(* Let $X$ be a real Banach space. The following statements are equivalent. (1) $X$ is rotund. (2) $S_X$ is uniquely remotal on $X\setminus\{0\}$. (3) $S_X$ is uniquely remotal on $X\setminus B_X$. (4) $S_X$ is uniquely remotal on $B_X\setminus\{0\}$. (5) $S_X$ is uniquely remotal on $B_X\setminus kB_X$ for any (equivalently, for some) $0<k<1$. (6) $S_X$ is uniquely remotal on $S_X$.
   Context: $B_X$ and $S_X$ denote the closed unit ball and unit sphere of $X$. For a non-empty bounded $F\subseteq X$ and $x\in X$, $r(F,x)=\sup\{\|x-y\|:y\in F\}$ and $Q_F(x)=\{y\in F:\|x-y\|= r(F,x)\}$ (the set of farthest points). $F$ is uniquely remotal on a set $A$ if $Q_F(x)$ is a singleton for every $x\in A$. $X$ is rotund if $\|\frac{x_1+x_2}{2}\|<1$ whenever $x_1,x_2\in S_X$, $x_1\neq x_2$. *)

theory Defs
  imports "HOL-Analysis.Analysis"
begin

definition farthest_radius :: "'a::real_normed_vector set \<Rightarrow> 'a \<Rightarrow> real" where
  "farthest_radius F x = (SUP y\<in>F. norm (x - y))"

definition farthest_points :: "'a::real_normed_vector set \<Rightarrow> 'a \<Rightarrow> 'a set" where
  "farthest_points F x = {y \<in> F. norm (x - y) = farthest_radius F x}"

definition uniquely_remotal_on :: "'a::real_normed_vector set \<Rightarrow> 'a set \<Rightarrow> bool" where
  "uniquely_remotal_on F A \<longleftrightarrow> (\<forall>x\<in>A. is_singleton (farthest_points F x))"

definition rotund :: "'a::real_normed_vector itself \<Rightarrow> bool" where
  "rotund _ \<longleftrightarrow> (\<forall>x1 \<in> sphere (0::'a) 1. \<forall>x2 \<in> sphere 0 1.
      x1 \<noteq> x2 \<longrightarrow> norm ((1/2) *\<^sub>R (x1 + x2)) < 1)"

end

(*
  For x \<noteq> 0 the farthest distance from x to the unit sphere is norm x + 1, attained
  exactly at the unit vectors y with norm (x - y) = norm x + norm y. In a rotund space
  equality in the triangle inequality forces sgn x = sgn (- y), so -sgn x is the only
  farthest point. Conversely, if the unit sphere contains a segment [x1, x2], then x1 and
  x2 are both farthest from every positive multiple of -(x1 + x2)/2. Hence unique
  remotality of the sphere on any set that avoids 0 but meets every open ray from 0 is
  equivalent to rotundity, and all six sets of the theorem are of this kind.
*)
theory Submission
  imports Defs
begin

lemma norm_add_sgn:
  fixes x :: "'a::real_normed_vector"
  assumes "x \<noteq> 0"
  shows "norm (x + sgn x) = norm x + 1"
proof -
  have "x + sgn x = (1 + inverse (norm x)) *\<^sub>R x"
    by (simp add: sgn_div_norm algebra_simps)
  then show ?thesis
    using assms by (simp add: field_simps)
qed

lemma farthest_radius_sphere:
  fixes x :: "'a::real_normed_vector"
  assumes "x \<noteq> 0"
  shows "farthest_radius (sphere 0 1) x = norm x + 1"
  unfolding farthest_radius_def
proof (rule cSup_eq_maximum)
  have "- sgn x \<in> sphere 0 1" "norm (x - - sgn x) = norm x + 1"
    using assms by (simp_all add: norm_sgn norm_add_sgn)
  then show "norm x + 1 \<in> (\<lambda>y. norm (x - y)) ` sphere 0 1"
    by (metis image_eqI)
next
  show "z \<le> norm x + 1" if "z \<in> (\<lambda>y. norm (x - y)) ` sphere 0 1" for z
  proof -
    from that obtain y where "norm y = 1" "z = norm (x - y)" by auto
    then show ?thesis using norm_triangle_ineq4[of x y] by simp
  qed
qed

lemma farthest_points_sphere:
  fixes x :: "'a::real_normed_vector"
  assumes "x \<noteq> 0"
  shows "farthest_points (sphere 0 1) x = {y \<in> sphere 0 1. norm (x - y) = norm x + 1}"
  using assms by (simp add: farthest_points_def farthest_radius_sphere)

lemma norm_sgn_add_eq_2:
  fixes a b :: "'a::real_normed_vector"
  assumes "a \<noteq> 0" "b \<noteq> 0" "norm (a + b) = norm a + norm b"
  shows "norm (sgn a + sgn b) = 2"
proof -
  have ge: "2 \<le> norm (sgn a + sgn b)"
    if "b \<noteq> 0" and flat: "norm (a + b) = norm a + norm b" and le: "norm b \<le> norm a"
    for a b :: 'a
  proof -
    have pos: "0 < norm b" using that by simp
    then have "0 < norm a" using le by linarith
    let ?c = "inverse (norm b) - inverse (norm a)"
    have c: "0 \<le> ?c" using le pos by (simp add: le_imp_inverse_le)
    have "sgn a + sgn b = inverse (norm b) *\<^sub>R (a + b) - ?c *\<^sub>R a"
      by (simp add: sgn_div_norm algebra_simps)
    then have "norm (inverse (norm b) *\<^sub>R (a + b)) - norm (?c *\<^sub>R a) \<le> norm (sgn a + sgn b)"
      by (metis norm_triangle_ineq2)
    moreover have "norm (inverse (norm b) *\<^sub>R (a + b)) = (norm a + norm b) / norm b"
      using flat by (simp add: divide_inverse)
    moreover have "norm (?c *\<^sub>R a) = ?c * norm a"
      using c by simp
    moreover have "(norm a + norm b) / norm b - ?c * norm a = 2"
      using pos \<open>0 < norm a\<close> by (simp add: field_simps)
    ultimately show ?thesis by linarith
  qed
  have "2 \<le> norm (sgn a + sgn b)"
  proof (cases "norm b \<le> norm a")
    case True
    with assms ge show ?thesis by blast
  next
    case False
    with assms ge[of a b] show ?thesis by (metis add.commute le_cases)
  qed
  moreover have "norm (sgn a + sgn b) \<le> 2"
    using assms norm_triangle_ineq[of "sgn a" "sgn b"] by (simp add: norm_sgn)
  ultimately show ?thesis by linarith
qed

lemma rotund_sgn_eq_of_norm_add_eq:
  fixes a b :: "'a::real_normed_vector"
  assumes "rotund TYPE('a)" "a \<noteq> 0" "b \<noteq> 0" "norm (a + b) = norm a + norm b"
  shows "sgn a = sgn b"
proof (rule ccontr)
  assume "sgn a \<noteq> sgn b"
  with assms(1-3) have "norm ((1/2) *\<^sub>R (sgn a + sgn b)) < 1"
    by (simp add: rotund_def norm_sgn del: norm_scaleR)
  with norm_sgn_add_eq_2[OF assms(2-4)] show False by simp
qed

lemma rotund_farthest_points_sphere:
  fixes x :: "'a::real_normed_vector"
  assumes "rotund TYPE('a)" "x \<noteq> 0"
  shows "farthest_points (sphere 0 1) x = {- sgn x}"
proof -
  have "y = - sgn x" if "norm y = 1" "norm (x - y) = norm x + 1" for y
  proof -
    have "norm (x + - y) = norm x + norm (- y)" using that by simp
    then have "sgn x = sgn (- y)"
      using assms that by (intro rotund_sgn_eq_of_norm_add_eq) auto
    with \<open>norm y = 1\<close> show ?thesis by (simp add: sgn_minus sgn_div_norm)
  qed
  moreover have "norm (x - - sgn x) = norm x + 1" "norm (sgn x) = 1"
    using assms by (simp_all add: norm_add_sgn norm_sgn)
  ultimately show ?thesis
    using assms(2) by (auto simp: farthest_points_sphere)
qed

lemma norm_nonneg_combination_of_flat_pair:
  fixes u v :: "'a::real_normed_vector"
  assumes "norm u = 1" "norm v = 1" "norm (u + v) = 2" "0 \<le> \<alpha>" "0 \<le> \<beta>"
  shows "norm (\<alpha> *\<^sub>R u + \<beta> *\<^sub>R v) = \<alpha> + \<beta>"
proof -
  have ge: "\<alpha> + \<beta> \<le> norm (\<alpha> *\<^sub>R u + \<beta> *\<^sub>R v)"
    if "norm u = 1" "norm v = 1" "norm (u + v) = 2" "\<beta> \<le> \<alpha>" "0 \<le> \<beta>"
    for u v :: 'a and \<alpha> \<beta> :: real
  proof -
    have "\<alpha> *\<^sub>R u + \<beta> *\<^sub>R v = \<alpha> *\<^sub>R (u + v) - (\<alpha> - \<beta>) *\<^sub>R v"
      by (simp add: algebra_simps)
    then have "norm (\<alpha> *\<^sub>R (u + v)) - norm ((\<alpha> - \<beta>) *\<^sub>R v) \<le> norm (\<alpha> *\<^sub>R u + \<beta> *\<^sub>R v)"
      by (metis norm_triangle_ineq2)
    then show ?thesis using that by simp
  qed
  have "\<alpha> + \<beta> \<le> norm (\<alpha> *\<^sub>R u + \<beta> *\<^sub>R v)"
  proof (cases "\<beta> \<le> \<alpha>")
    case True
    with assms ge show ?thesis by blast
  next
    case False
    with assms ge[of v u \<alpha> \<beta>] show ?thesis by (simp add: add.commute)
  qed
  moreover have "norm (\<alpha> *\<^sub>R u + \<beta> *\<^sub>R v) \<le> \<alpha> + \<beta>"
    using assms norm_triangle_ineq[of "\<alpha> *\<^sub>R u" "\<beta> *\<^sub>R v"] by simp
  ultimately show ?thesis by linarith
qed

lemma not_rotund_farthest_points_sphere:
  assumes "\<not> rotund TYPE('a::real_normed_vector)"
  obtains m :: "'a::real_normed_vector" where "m \<in> sphere 0 1"
    and "\<And>s. s > 0 \<Longrightarrow> \<not> is_singleton (farthest_points (sphere 0 1) (s *\<^sub>R m))"
proof -
  obtain x1 x2 :: 'a where x12: "norm x1 = 1" "norm x2 = 1" "x1 \<noteq> x2"
    and "1 \<le> norm ((1/2) *\<^sub>R (x1 + x2))"
    using assms unfolding rotund_def by force
  moreover have "norm (x1 + x2) \<le> 2"
    using norm_triangle_ineq[of x1 x2] x12 by simp
  ultimately have flat: "norm (x1 + x2) = 2" by simp
  define m where "m = - ((1/2) *\<^sub>R (x1 + x2))"
  have "norm m = 1" unfolding m_def using flat by simp
  moreover have "\<not> is_singleton (farthest_points (sphere 0 1) (s *\<^sub>R m))" if "s > 0" for s
  proof -
    have "x1 - s *\<^sub>R m = (1 + s/2) *\<^sub>R x1 + (s/2) *\<^sub>R x2"
      "x2 - s *\<^sub>R m = (s/2) *\<^sub>R x1 + (1 + s/2) *\<^sub>R x2"
      unfolding m_def by (simp_all add: algebra_simps)
    then have "norm (s *\<^sub>R m - x1) = norm (s *\<^sub>R m) + 1"
      "norm (s *\<^sub>R m - x2) = norm (s *\<^sub>R m) + 1"
      using \<open>norm m = 1\<close> \<open>s > 0\<close> x12 flat
        norm_nonneg_combination_of_flat_pair[of x1 x2 "1 + s/2" "s/2"]
        norm_nonneg_combination_of_flat_pair[of x1 x2 "s/2" "1 + s/2"]
      by (simp_all add: norm_minus_commute)
    moreover have "s *\<^sub>R m \<noteq> 0" using \<open>norm m = 1\<close> \<open>s > 0\<close> by auto
    ultimately have "x1 \<in> farthest_points (sphere 0 1) (s *\<^sub>R m)"
      "x2 \<in> farthest_points (sphere 0 1) (s *\<^sub>R m)"
      using x12 by (simp_all add: farthest_points_sphere)
    with \<open>x1 \<noteq> x2\<close> show ?thesis
      by (auto simp: is_singleton_def)
  qed
  ultimately show ?thesis using that by simp
qed

lemma rotund_iff_uniquely_remotal_on:
  fixes A :: "'a::real_normed_vector set"
  assumes "0 \<notin> A" and rays: "\<forall>u\<in>sphere 0 1. \<exists>s>0. s *\<^sub>R u \<in> A"
  shows "rotund TYPE('a) \<longleftrightarrow> uniquely_remotal_on (sphere 0 1) A"
proof
  assume "rotund TYPE('a)"
  with \<open>0 \<notin> A\<close> show "uniquely_remotal_on (sphere 0 1) A"
    unfolding uniquely_remotal_on_def by (metis rotund_farthest_points_sphere is_singletonI)
next
  assume unique: "uniquely_remotal_on (sphere 0 1) A"
  show "rotund TYPE('a)"
  proof (rule ccontr)
    assume "\<not> rotund TYPE('a)"
    then obtain m :: 'a where "m \<in> sphere 0 1"
      and "\<And>s. s > 0 \<Longrightarrow> \<not> is_singleton (farthest_points (sphere 0 1) (s *\<^sub>R m))"
      using not_rotund_farthest_points_sphere by blast
    with rays unique show False
      unfolding uniquely_remotal_on_def by blast
  qed
qed

lemma rotund_iff_uniquely_remotal_on_annulus:
  fixes k :: real
  assumes "0 < k" "k < 1"
  shows "rotund TYPE('a::real_normed_vector) \<longleftrightarrow>
    uniquely_remotal_on (sphere (0::'a) 1) (cball 0 1 - (\<lambda>x. k *\<^sub>R x) ` cball 0 1)"
proof (rule rotund_iff_uniquely_remotal_on)
  have "(0::'a) = k *\<^sub>R 0" by simp
  then show "0 \<notin> cball 0 1 - (\<lambda>x. k *\<^sub>R x) ` cball (0::'a) 1"
    by blast
  have "u \<notin> (\<lambda>x. k *\<^sub>R x) ` cball 0 1" if "norm u = 1" for u :: 'a
  proof
    assume "u \<in> (\<lambda>x. k *\<^sub>R x) ` cball 0 1"
    then obtain z :: 'a where "norm z \<le> 1" "u = k *\<^sub>R z" by auto
    then have "1 = k * norm z" using \<open>norm u = 1\<close> \<open>0 < k\<close> by simp
    also have "\<dots> \<le> k" using \<open>norm z \<le> 1\<close> \<open>0 < k\<close> by (simp add: mult_left_le)
    finally show False using \<open>k < 1\<close> by simp
  qed
  then show "\<forall>u\<in>sphere 0 1. \<exists>s>0. s *\<^sub>R u \<in> cball 0 1 - (\<lambda>x. k *\<^sub>R x) ` cball (0::'a) 1"
    by (metis DiffI mem_cball_0 mem_sphere_0 order_refl scaleR_one zero_less_one)
qed

theorem theorem3p1:
  shows "(rotund TYPE('a::banach) \<longleftrightarrow>
            uniquely_remotal_on (sphere (0::'a) 1) (UNIV - {0}))
       \<and> (rotund TYPE('a) \<longleftrightarrow>
            uniquely_remotal_on (sphere (0::'a) 1) (UNIV - cball 0 1))
       \<and> (rotund TYPE('a) \<longleftrightarrow>
            uniquely_remotal_on (sphere (0::'a) 1) (cball 0 1 - {0}))
       \<and> (rotund TYPE('a) \<longleftrightarrow>
            (\<forall>k::real. 0 < k \<and> k < 1 \<longrightarrow>
               uniquely_remotal_on (sphere (0::'a) 1) (cball 0 1 - (\<lambda>x. k *\<^sub>R x) ` cball 0 1)))
       \<and> (rotund TYPE('a) \<longleftrightarrow>
            (\<exists>k::real. 0 < k \<and> k < 1 \<and>
               uniquely_remotal_on (sphere (0::'a) 1) (cball 0 1 - (\<lambda>x. k *\<^sub>R x) ` cball 0 1)))
       \<and> (rotund TYPE('a) \<longleftrightarrow>
            uniquely_remotal_on (sphere (0::'a) 1) (sphere 0 1))"
proof -
  let ?S = "sphere (0::'a) 1"
  have via_sphere: "rotund TYPE('a) \<longleftrightarrow> uniquely_remotal_on ?S A"
    if "0 \<notin> A" "?S \<subseteq> A" for A
    using that by (intro rotund_iff_uniquely_remotal_on) (auto intro!: exI[of _ 1])
  have "rotund TYPE('a) \<longleftrightarrow> uniquely_remotal_on ?S (UNIV - {0})"
    "rotund TYPE('a) \<longleftrightarrow> uniquely_remotal_on ?S (cball 0 1 - {0})"
    "rotund TYPE('a) \<longleftrightarrow> uniquely_remotal_on ?S ?S"
    by (auto intro!: via_sphere)
  moreover have "rotund TYPE('a) \<longleftrightarrow> uniquely_remotal_on ?S (UNIV - cball 0 1)"
    by (rule rotund_iff_uniquely_remotal_on) (auto intro!: exI[of _ 2])
  moreover note rotund_iff_uniquely_remotal_on_annulus[where 'a='a]
  ultimately show ?thesis
    by (auto intro!: exI[of _ "1/2"] dest: spec[of _ "1/2"])
qed

end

--- --- ---

** What to do **
Look through the material above and work out how many of its lines contain "lemma". State the number only.

** Expected answer **
10